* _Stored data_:
_____
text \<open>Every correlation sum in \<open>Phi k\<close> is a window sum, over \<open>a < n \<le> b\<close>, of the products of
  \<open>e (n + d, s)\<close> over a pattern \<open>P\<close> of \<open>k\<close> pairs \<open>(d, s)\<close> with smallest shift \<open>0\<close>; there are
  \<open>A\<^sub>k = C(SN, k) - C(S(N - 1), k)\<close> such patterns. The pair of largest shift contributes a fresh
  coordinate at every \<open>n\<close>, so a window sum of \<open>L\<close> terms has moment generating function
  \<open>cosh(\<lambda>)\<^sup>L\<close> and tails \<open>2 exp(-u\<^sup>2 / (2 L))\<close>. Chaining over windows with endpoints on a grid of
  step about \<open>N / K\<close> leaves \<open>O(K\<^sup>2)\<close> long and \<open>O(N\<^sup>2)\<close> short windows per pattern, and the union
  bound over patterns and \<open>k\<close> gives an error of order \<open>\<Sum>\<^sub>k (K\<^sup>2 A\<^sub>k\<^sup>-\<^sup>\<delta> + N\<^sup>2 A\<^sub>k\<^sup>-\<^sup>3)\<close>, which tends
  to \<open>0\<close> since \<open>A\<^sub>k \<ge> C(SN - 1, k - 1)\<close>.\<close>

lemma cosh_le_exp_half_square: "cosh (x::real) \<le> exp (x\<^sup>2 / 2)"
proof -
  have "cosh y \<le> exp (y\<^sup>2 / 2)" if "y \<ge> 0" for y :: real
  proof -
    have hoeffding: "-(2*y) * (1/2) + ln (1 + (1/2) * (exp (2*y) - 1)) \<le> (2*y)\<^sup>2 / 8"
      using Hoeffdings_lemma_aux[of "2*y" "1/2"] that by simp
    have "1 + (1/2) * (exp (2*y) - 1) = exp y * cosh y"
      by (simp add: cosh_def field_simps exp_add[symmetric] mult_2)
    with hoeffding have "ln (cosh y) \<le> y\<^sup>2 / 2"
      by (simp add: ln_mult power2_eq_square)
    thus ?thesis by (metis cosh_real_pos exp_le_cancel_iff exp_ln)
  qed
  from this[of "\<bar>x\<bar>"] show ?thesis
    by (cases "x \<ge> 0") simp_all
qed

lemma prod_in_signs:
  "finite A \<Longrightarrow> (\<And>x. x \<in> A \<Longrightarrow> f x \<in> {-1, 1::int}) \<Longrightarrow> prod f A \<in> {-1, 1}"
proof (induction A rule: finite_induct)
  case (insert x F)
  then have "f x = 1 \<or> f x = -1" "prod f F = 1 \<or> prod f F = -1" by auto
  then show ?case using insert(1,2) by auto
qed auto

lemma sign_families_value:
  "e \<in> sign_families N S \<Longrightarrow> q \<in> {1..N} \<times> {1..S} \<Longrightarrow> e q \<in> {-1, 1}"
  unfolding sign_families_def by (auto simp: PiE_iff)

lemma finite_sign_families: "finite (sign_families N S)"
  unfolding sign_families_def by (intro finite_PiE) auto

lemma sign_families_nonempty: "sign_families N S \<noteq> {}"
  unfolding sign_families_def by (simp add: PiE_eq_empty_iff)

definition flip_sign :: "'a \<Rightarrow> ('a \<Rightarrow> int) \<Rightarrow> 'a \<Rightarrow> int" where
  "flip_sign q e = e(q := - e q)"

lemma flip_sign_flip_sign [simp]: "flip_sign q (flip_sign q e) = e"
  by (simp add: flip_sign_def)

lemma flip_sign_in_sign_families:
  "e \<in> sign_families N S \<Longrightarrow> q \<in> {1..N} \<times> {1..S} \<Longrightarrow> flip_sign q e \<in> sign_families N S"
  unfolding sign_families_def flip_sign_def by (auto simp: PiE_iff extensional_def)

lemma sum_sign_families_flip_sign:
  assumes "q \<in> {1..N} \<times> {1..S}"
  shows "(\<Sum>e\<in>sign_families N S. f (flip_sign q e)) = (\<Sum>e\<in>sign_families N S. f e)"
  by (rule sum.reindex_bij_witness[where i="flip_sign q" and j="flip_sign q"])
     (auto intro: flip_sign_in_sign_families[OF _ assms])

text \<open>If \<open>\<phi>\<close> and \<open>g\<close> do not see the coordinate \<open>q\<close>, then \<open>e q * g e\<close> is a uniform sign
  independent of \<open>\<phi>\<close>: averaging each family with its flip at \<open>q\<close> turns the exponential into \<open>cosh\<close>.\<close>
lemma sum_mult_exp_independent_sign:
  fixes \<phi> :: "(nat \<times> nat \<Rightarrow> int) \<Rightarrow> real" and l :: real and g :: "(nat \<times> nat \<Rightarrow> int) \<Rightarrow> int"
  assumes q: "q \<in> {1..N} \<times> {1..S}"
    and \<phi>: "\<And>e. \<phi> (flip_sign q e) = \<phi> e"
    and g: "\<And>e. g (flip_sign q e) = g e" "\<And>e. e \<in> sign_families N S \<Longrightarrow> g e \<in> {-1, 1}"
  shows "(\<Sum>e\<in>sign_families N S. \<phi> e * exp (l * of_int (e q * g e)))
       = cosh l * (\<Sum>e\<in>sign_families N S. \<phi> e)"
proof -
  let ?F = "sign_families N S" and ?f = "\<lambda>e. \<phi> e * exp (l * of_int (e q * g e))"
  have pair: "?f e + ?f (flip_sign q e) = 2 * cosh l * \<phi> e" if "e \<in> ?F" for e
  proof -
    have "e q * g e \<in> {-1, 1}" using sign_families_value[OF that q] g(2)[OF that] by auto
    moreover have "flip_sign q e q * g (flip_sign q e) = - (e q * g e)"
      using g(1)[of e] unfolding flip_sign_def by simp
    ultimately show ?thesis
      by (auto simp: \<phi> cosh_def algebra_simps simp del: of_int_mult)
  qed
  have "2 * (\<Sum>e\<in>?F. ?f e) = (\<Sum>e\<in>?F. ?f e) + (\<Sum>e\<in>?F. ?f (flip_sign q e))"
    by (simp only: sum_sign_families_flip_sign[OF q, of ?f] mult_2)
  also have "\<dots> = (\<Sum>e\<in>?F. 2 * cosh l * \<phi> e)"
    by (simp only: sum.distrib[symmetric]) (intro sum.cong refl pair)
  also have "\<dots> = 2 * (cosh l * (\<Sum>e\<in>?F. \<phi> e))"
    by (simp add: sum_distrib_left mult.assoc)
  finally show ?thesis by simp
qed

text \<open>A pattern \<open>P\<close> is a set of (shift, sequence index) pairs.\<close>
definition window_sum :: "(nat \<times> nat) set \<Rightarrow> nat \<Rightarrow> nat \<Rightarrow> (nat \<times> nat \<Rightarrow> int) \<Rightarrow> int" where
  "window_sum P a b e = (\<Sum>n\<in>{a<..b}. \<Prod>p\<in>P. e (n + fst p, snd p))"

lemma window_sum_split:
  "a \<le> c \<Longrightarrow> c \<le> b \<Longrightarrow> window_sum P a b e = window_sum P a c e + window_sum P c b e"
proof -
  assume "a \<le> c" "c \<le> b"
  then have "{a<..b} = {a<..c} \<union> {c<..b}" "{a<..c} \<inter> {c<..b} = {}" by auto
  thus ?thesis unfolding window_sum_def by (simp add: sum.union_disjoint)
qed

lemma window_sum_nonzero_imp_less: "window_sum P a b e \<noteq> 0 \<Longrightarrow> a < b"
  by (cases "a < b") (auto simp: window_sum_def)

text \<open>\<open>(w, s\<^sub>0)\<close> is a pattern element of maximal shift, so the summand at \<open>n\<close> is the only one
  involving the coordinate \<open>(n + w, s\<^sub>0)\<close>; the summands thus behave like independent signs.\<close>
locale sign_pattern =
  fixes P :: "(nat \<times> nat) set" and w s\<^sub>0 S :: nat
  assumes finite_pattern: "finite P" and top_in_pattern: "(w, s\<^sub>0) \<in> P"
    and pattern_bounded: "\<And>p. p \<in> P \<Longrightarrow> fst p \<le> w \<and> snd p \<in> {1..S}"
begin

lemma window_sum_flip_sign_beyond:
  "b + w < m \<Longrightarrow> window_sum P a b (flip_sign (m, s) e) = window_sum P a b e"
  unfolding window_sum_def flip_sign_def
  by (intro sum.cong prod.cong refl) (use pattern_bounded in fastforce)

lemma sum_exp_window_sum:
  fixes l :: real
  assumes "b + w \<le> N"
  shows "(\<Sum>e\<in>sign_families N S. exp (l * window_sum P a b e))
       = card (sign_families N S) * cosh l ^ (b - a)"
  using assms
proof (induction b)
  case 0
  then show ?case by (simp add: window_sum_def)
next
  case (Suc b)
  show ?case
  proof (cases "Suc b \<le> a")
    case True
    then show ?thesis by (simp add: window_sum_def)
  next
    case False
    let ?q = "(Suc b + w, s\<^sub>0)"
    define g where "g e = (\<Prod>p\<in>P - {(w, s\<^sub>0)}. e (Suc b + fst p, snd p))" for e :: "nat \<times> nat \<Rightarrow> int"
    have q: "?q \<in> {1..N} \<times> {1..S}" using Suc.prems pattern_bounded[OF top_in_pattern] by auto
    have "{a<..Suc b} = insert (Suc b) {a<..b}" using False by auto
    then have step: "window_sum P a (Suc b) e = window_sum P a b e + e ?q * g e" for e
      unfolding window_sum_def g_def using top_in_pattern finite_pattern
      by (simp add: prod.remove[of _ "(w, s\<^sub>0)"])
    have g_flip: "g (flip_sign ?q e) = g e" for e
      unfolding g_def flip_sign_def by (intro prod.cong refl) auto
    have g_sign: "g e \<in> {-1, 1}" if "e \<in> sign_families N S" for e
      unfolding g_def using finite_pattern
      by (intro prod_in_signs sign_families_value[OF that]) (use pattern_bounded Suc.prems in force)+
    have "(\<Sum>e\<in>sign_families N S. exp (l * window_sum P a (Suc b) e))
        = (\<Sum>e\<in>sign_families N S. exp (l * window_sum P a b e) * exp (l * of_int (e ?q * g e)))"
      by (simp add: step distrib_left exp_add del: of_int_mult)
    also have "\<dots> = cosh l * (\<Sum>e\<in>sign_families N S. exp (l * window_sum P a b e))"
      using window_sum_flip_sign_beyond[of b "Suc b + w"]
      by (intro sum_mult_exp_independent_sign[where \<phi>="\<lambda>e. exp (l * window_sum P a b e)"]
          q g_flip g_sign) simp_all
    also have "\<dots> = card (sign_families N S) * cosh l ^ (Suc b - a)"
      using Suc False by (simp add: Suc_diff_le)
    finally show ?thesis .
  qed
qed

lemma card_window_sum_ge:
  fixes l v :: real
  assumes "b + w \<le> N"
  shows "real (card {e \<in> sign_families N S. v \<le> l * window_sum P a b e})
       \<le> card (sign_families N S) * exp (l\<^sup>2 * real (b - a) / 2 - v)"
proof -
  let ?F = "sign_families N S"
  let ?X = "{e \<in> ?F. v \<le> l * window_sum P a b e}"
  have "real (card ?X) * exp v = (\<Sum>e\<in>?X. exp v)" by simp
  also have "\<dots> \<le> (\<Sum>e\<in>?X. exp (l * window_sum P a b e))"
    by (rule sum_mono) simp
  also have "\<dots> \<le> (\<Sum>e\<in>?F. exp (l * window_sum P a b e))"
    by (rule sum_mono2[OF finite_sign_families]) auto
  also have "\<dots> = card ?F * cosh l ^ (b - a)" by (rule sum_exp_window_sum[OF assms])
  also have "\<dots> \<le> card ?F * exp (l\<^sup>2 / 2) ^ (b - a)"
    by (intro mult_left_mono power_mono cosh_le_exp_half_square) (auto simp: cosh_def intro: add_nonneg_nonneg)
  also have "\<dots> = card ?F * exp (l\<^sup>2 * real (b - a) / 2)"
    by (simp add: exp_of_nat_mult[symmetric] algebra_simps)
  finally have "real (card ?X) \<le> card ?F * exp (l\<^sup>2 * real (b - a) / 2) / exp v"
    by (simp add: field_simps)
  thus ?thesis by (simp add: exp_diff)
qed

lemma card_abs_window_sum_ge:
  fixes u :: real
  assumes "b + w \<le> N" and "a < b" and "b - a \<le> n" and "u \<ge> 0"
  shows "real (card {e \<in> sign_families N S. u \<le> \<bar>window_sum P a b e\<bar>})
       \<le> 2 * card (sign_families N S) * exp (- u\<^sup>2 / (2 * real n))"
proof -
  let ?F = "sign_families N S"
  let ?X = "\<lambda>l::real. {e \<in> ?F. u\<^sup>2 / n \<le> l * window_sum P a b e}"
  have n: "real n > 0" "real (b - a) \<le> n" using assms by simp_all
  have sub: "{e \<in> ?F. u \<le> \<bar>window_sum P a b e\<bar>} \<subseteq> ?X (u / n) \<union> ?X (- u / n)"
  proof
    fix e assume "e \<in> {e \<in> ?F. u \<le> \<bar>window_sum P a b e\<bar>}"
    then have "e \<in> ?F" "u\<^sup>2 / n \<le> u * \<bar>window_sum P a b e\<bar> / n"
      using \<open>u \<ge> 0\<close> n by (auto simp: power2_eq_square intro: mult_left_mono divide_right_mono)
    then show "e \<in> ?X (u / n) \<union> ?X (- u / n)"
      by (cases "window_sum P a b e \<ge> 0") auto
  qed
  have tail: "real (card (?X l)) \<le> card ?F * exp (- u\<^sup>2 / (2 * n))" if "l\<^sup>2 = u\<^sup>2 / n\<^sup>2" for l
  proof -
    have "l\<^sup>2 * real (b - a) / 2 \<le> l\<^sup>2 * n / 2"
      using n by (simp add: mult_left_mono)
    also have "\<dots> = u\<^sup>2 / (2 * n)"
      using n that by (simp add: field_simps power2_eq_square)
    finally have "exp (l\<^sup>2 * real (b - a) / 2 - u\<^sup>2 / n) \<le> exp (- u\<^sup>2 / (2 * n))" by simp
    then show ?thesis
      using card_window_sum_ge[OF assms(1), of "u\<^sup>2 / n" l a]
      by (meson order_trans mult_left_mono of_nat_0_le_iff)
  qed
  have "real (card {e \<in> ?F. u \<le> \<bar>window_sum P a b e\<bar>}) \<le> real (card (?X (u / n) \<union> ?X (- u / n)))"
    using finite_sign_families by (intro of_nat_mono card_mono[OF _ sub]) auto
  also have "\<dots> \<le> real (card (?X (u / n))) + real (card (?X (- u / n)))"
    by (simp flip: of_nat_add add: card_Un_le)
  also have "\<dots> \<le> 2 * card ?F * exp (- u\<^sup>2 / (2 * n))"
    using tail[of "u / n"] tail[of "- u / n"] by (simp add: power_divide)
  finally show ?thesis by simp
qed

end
_____
* _AIM OF THE EXERCISE_: What goes in the answer is the run of lines from the one holding "(simp add: power_divide)" to the end of the entries, reproduced exactly and with nothing else.

* _EXERCISE RESPONSE_:
    using tail[of "u / n"] tail[of "- u / n"] by (simp add: power_divide)
  finally show ?thesis by simp
qed

end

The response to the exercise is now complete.